- Assignment -
Return exactly the lines below, starting with the one that has "is the free" and going on through the one that has "(LEAST n. \<exists>v\<in>e.".

- Input material -
● ● ● ●
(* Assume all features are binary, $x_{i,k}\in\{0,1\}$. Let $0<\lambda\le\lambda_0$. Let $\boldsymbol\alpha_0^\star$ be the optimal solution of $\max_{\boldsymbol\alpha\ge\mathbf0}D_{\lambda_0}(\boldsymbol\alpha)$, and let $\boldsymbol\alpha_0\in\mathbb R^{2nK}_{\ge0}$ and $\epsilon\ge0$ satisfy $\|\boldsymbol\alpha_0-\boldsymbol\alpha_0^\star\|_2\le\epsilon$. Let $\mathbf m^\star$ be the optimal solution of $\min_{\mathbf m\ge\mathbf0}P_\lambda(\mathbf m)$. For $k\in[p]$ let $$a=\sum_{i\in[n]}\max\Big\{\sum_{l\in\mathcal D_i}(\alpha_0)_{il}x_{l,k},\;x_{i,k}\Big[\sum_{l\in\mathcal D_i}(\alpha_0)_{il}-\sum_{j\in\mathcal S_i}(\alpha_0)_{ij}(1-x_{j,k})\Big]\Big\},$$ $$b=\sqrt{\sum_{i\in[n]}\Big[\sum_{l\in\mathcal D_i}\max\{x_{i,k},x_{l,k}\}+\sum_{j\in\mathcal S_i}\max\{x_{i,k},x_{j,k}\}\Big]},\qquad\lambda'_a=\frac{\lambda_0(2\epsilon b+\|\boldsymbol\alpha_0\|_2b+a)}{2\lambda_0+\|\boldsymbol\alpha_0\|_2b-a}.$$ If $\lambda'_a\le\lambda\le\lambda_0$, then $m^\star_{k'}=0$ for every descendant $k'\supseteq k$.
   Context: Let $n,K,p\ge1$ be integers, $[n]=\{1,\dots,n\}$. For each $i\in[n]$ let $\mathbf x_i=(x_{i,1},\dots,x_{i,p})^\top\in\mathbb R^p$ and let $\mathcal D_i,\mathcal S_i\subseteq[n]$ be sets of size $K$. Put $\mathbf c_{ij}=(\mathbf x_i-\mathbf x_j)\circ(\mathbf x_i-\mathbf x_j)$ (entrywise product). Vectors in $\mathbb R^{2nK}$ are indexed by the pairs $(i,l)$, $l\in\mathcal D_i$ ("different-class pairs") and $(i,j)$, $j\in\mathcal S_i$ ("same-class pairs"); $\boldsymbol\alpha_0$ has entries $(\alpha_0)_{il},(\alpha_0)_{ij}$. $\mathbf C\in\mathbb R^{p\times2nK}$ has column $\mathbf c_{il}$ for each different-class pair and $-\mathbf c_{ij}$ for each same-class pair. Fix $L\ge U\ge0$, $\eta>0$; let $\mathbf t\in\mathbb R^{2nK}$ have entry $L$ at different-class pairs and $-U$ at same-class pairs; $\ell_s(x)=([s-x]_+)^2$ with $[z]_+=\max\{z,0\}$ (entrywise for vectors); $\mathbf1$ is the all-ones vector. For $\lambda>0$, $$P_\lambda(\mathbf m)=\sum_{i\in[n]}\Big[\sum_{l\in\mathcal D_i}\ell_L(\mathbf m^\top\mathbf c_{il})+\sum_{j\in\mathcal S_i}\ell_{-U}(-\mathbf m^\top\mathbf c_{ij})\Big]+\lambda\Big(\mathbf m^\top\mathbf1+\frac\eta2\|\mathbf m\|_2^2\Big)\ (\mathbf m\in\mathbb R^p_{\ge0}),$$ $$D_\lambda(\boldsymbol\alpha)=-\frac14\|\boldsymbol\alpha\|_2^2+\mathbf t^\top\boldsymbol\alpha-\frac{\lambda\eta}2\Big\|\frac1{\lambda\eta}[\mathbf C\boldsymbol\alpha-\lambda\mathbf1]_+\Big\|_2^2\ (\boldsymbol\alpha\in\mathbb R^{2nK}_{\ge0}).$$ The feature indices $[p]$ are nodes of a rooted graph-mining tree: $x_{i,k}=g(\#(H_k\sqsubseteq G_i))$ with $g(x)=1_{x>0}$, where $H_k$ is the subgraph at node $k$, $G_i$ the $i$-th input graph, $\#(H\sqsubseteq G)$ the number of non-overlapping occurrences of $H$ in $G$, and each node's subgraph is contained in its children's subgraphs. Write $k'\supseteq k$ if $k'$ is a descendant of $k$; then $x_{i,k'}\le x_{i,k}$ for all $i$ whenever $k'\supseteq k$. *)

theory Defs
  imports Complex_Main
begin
● ● ● ●
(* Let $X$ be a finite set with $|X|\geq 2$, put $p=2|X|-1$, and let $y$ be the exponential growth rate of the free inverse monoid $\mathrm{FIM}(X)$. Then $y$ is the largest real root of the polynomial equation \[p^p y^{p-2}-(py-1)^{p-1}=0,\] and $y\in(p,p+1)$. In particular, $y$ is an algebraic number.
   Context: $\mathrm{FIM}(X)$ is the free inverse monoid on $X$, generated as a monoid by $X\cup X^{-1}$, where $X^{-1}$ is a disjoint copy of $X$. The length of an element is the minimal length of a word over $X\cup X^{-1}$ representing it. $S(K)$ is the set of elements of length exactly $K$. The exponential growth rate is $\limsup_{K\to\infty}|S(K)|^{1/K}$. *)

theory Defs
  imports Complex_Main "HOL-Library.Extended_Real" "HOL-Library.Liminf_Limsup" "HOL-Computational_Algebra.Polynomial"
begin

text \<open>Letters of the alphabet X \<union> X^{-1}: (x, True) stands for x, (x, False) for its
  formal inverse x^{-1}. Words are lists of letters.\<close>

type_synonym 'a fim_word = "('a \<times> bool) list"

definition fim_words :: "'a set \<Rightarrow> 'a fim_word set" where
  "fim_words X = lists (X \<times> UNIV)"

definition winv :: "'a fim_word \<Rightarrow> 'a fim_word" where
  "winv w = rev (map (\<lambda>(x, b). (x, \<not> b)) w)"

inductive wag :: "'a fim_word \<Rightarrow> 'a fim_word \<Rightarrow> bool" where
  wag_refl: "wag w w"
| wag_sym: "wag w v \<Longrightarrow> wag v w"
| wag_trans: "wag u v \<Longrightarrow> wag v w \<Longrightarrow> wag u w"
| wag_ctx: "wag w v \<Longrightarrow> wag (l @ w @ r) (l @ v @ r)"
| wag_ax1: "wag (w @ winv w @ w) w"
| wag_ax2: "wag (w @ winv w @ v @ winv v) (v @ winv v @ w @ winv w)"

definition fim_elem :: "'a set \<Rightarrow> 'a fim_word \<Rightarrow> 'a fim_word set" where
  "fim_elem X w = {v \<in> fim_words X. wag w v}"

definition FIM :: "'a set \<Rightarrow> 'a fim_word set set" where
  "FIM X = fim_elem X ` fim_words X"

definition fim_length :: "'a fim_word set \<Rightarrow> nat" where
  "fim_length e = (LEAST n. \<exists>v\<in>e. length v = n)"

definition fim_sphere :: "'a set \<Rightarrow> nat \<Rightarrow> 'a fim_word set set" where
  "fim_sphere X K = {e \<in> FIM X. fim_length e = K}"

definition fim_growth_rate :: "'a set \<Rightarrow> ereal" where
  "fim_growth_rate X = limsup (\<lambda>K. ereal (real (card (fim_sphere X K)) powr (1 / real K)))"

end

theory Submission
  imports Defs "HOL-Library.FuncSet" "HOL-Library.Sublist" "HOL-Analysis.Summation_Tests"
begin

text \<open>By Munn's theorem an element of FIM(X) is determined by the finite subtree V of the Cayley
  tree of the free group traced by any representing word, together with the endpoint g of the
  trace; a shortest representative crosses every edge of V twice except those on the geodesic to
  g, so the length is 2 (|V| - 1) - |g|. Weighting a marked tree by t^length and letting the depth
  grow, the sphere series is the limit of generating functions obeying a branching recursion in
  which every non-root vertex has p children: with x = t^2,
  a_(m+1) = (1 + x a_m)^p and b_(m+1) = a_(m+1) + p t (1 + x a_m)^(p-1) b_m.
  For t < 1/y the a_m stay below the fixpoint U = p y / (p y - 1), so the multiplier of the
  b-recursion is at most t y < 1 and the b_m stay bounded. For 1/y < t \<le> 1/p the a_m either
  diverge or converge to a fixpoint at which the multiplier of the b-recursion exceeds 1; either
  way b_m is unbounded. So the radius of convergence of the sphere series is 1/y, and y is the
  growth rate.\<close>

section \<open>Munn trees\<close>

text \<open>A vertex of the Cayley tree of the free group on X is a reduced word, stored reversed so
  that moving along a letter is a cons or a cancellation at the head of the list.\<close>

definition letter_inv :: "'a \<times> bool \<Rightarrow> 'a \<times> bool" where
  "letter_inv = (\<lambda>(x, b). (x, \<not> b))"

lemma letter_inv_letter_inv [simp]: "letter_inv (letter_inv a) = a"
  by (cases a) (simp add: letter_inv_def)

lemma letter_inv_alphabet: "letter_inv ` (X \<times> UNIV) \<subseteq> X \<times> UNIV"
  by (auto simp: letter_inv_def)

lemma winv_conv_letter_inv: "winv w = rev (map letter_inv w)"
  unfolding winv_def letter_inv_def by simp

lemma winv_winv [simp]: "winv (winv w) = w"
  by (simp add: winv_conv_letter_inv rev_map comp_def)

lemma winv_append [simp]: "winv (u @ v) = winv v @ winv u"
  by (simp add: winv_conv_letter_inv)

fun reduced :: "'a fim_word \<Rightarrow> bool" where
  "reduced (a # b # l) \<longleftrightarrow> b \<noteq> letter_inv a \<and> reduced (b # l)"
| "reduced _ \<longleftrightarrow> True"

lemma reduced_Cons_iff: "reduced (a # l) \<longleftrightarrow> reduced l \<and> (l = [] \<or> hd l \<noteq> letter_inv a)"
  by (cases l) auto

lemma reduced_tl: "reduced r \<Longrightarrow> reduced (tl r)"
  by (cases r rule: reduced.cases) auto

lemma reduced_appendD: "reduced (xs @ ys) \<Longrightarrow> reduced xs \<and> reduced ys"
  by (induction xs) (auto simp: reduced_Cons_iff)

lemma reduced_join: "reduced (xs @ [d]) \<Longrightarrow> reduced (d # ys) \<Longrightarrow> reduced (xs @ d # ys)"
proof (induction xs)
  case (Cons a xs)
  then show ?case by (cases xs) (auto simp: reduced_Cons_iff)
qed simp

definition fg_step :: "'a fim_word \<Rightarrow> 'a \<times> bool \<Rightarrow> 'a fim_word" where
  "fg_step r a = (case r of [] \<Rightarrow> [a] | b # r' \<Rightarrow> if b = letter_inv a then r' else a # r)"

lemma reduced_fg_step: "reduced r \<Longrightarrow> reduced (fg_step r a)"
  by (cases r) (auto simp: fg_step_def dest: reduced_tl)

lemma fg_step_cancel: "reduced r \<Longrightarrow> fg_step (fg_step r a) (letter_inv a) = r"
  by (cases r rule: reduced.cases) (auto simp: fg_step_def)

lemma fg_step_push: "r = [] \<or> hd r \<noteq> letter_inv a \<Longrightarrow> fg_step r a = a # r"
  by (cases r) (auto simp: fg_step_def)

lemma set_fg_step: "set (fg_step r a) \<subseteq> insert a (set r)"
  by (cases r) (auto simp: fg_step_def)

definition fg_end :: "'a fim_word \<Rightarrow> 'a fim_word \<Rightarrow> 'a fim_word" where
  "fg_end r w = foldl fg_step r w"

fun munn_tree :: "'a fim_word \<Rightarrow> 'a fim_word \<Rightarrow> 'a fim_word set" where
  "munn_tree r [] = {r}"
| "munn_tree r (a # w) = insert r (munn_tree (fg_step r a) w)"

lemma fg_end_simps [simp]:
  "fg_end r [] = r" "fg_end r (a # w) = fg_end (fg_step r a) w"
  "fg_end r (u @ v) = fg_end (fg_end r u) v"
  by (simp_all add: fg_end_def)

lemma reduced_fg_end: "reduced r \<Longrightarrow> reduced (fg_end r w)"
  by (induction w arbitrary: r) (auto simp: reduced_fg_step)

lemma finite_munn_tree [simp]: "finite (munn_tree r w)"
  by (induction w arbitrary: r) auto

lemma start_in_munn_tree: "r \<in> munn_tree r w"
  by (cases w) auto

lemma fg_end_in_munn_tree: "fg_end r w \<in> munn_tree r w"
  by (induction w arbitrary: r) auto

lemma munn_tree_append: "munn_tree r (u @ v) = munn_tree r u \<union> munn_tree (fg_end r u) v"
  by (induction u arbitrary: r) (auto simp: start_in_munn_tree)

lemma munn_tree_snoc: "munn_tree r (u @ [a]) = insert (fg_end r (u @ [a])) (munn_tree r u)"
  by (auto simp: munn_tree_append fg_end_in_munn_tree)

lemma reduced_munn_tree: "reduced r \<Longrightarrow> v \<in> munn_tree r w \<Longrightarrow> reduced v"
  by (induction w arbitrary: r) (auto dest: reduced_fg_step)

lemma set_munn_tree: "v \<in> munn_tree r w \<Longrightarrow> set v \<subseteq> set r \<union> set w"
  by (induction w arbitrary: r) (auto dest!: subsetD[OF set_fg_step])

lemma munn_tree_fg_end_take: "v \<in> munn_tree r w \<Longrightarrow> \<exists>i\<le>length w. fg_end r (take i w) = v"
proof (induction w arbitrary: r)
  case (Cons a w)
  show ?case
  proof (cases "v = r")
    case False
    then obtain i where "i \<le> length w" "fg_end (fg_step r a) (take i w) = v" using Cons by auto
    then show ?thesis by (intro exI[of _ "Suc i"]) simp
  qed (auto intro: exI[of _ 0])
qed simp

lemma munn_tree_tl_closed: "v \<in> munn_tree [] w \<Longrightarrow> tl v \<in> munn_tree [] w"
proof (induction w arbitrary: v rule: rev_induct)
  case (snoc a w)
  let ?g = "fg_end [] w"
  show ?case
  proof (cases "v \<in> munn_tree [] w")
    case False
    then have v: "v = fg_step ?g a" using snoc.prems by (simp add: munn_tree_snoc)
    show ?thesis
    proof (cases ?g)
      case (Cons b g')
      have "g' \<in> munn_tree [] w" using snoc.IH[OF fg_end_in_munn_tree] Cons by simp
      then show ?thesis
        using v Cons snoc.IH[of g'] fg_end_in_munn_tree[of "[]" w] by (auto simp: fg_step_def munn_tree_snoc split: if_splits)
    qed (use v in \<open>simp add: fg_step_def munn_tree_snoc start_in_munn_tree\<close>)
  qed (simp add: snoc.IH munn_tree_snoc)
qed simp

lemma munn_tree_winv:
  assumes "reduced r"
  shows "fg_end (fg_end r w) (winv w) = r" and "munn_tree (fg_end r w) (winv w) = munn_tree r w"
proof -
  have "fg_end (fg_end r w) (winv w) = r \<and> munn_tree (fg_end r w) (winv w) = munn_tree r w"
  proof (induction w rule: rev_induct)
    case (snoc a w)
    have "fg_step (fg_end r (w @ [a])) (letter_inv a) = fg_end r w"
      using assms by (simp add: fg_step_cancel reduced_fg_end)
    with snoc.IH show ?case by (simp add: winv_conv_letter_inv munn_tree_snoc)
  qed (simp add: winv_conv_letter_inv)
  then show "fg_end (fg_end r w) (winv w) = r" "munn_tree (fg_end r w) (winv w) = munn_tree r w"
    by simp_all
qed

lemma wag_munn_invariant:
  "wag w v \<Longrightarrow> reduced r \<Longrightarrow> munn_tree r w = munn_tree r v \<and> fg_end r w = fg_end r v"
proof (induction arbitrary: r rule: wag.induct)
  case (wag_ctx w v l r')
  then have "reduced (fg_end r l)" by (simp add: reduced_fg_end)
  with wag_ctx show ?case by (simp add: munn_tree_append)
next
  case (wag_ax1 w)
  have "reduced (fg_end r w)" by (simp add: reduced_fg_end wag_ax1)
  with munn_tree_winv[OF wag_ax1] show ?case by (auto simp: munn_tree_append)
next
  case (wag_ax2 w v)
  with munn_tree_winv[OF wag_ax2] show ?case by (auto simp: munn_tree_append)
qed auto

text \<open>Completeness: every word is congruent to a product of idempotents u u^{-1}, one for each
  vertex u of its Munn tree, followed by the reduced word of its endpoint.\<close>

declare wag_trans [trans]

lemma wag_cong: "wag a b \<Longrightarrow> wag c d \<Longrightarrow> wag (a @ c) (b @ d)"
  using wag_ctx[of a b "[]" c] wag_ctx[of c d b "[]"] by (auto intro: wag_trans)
● ● ● ●
- Result of this task -
   Context: $\mathrm{FIM}(X)$ is the free inverse monoid on $X$, generated as a monoid by $X\cup X^{-1}$, where $X^{-1}$ is a disjoint copy of $X$. The length of an element is the minimal length of a word over $X\cup X^{-1}$ representing it. $S(K)$ is the set of elements of length exactly $K$. The exponential growth rate is $\limsup_{K\to\infty}|S(K)|^{1/K}$. *)

theory Defs
  imports Complex_Main "HOL-Library.Extended_Real" "HOL-Library.Liminf_Limsup" "HOL-Computational_Algebra.Polynomial"
begin

text \<open>Letters of the alphabet X \<union> X^{-1}: (x, True) stands for x, (x, False) for its
  formal inverse x^{-1}. Words are lists of letters.\<close>

type_synonym 'a fim_word = "('a \<times> bool) list"

definition fim_words :: "'a set \<Rightarrow> 'a fim_word set" where
  "fim_words X = lists (X \<times> UNIV)"

definition winv :: "'a fim_word \<Rightarrow> 'a fim_word" where
  "winv w = rev (map (\<lambda>(x, b). (x, \<not> b)) w)"

inductive wag :: "'a fim_word \<Rightarrow> 'a fim_word \<Rightarrow> bool" where
  wag_refl: "wag w w"
| wag_sym: "wag w v \<Longrightarrow> wag v w"
| wag_trans: "wag u v \<Longrightarrow> wag v w \<Longrightarrow> wag u w"
| wag_ctx: "wag w v \<Longrightarrow> wag (l @ w @ r) (l @ v @ r)"
| wag_ax1: "wag (w @ winv w @ w) w"
| wag_ax2: "wag (w @ winv w @ v @ winv v) (v @ winv v @ w @ winv w)"

definition fim_elem :: "'a set \<Rightarrow> 'a fim_word \<Rightarrow> 'a fim_word set" where
  "fim_elem X w = {v \<in> fim_words X. wag w v}"

definition FIM :: "'a set \<Rightarrow> 'a fim_word set set" where
  "FIM X = fim_elem X ` fim_words X"

definition fim_length :: "'a fim_word set \<Rightarrow> nat" where
  "fim_length e = (LEAST n. \<exists>v\<in>e. length v = n)"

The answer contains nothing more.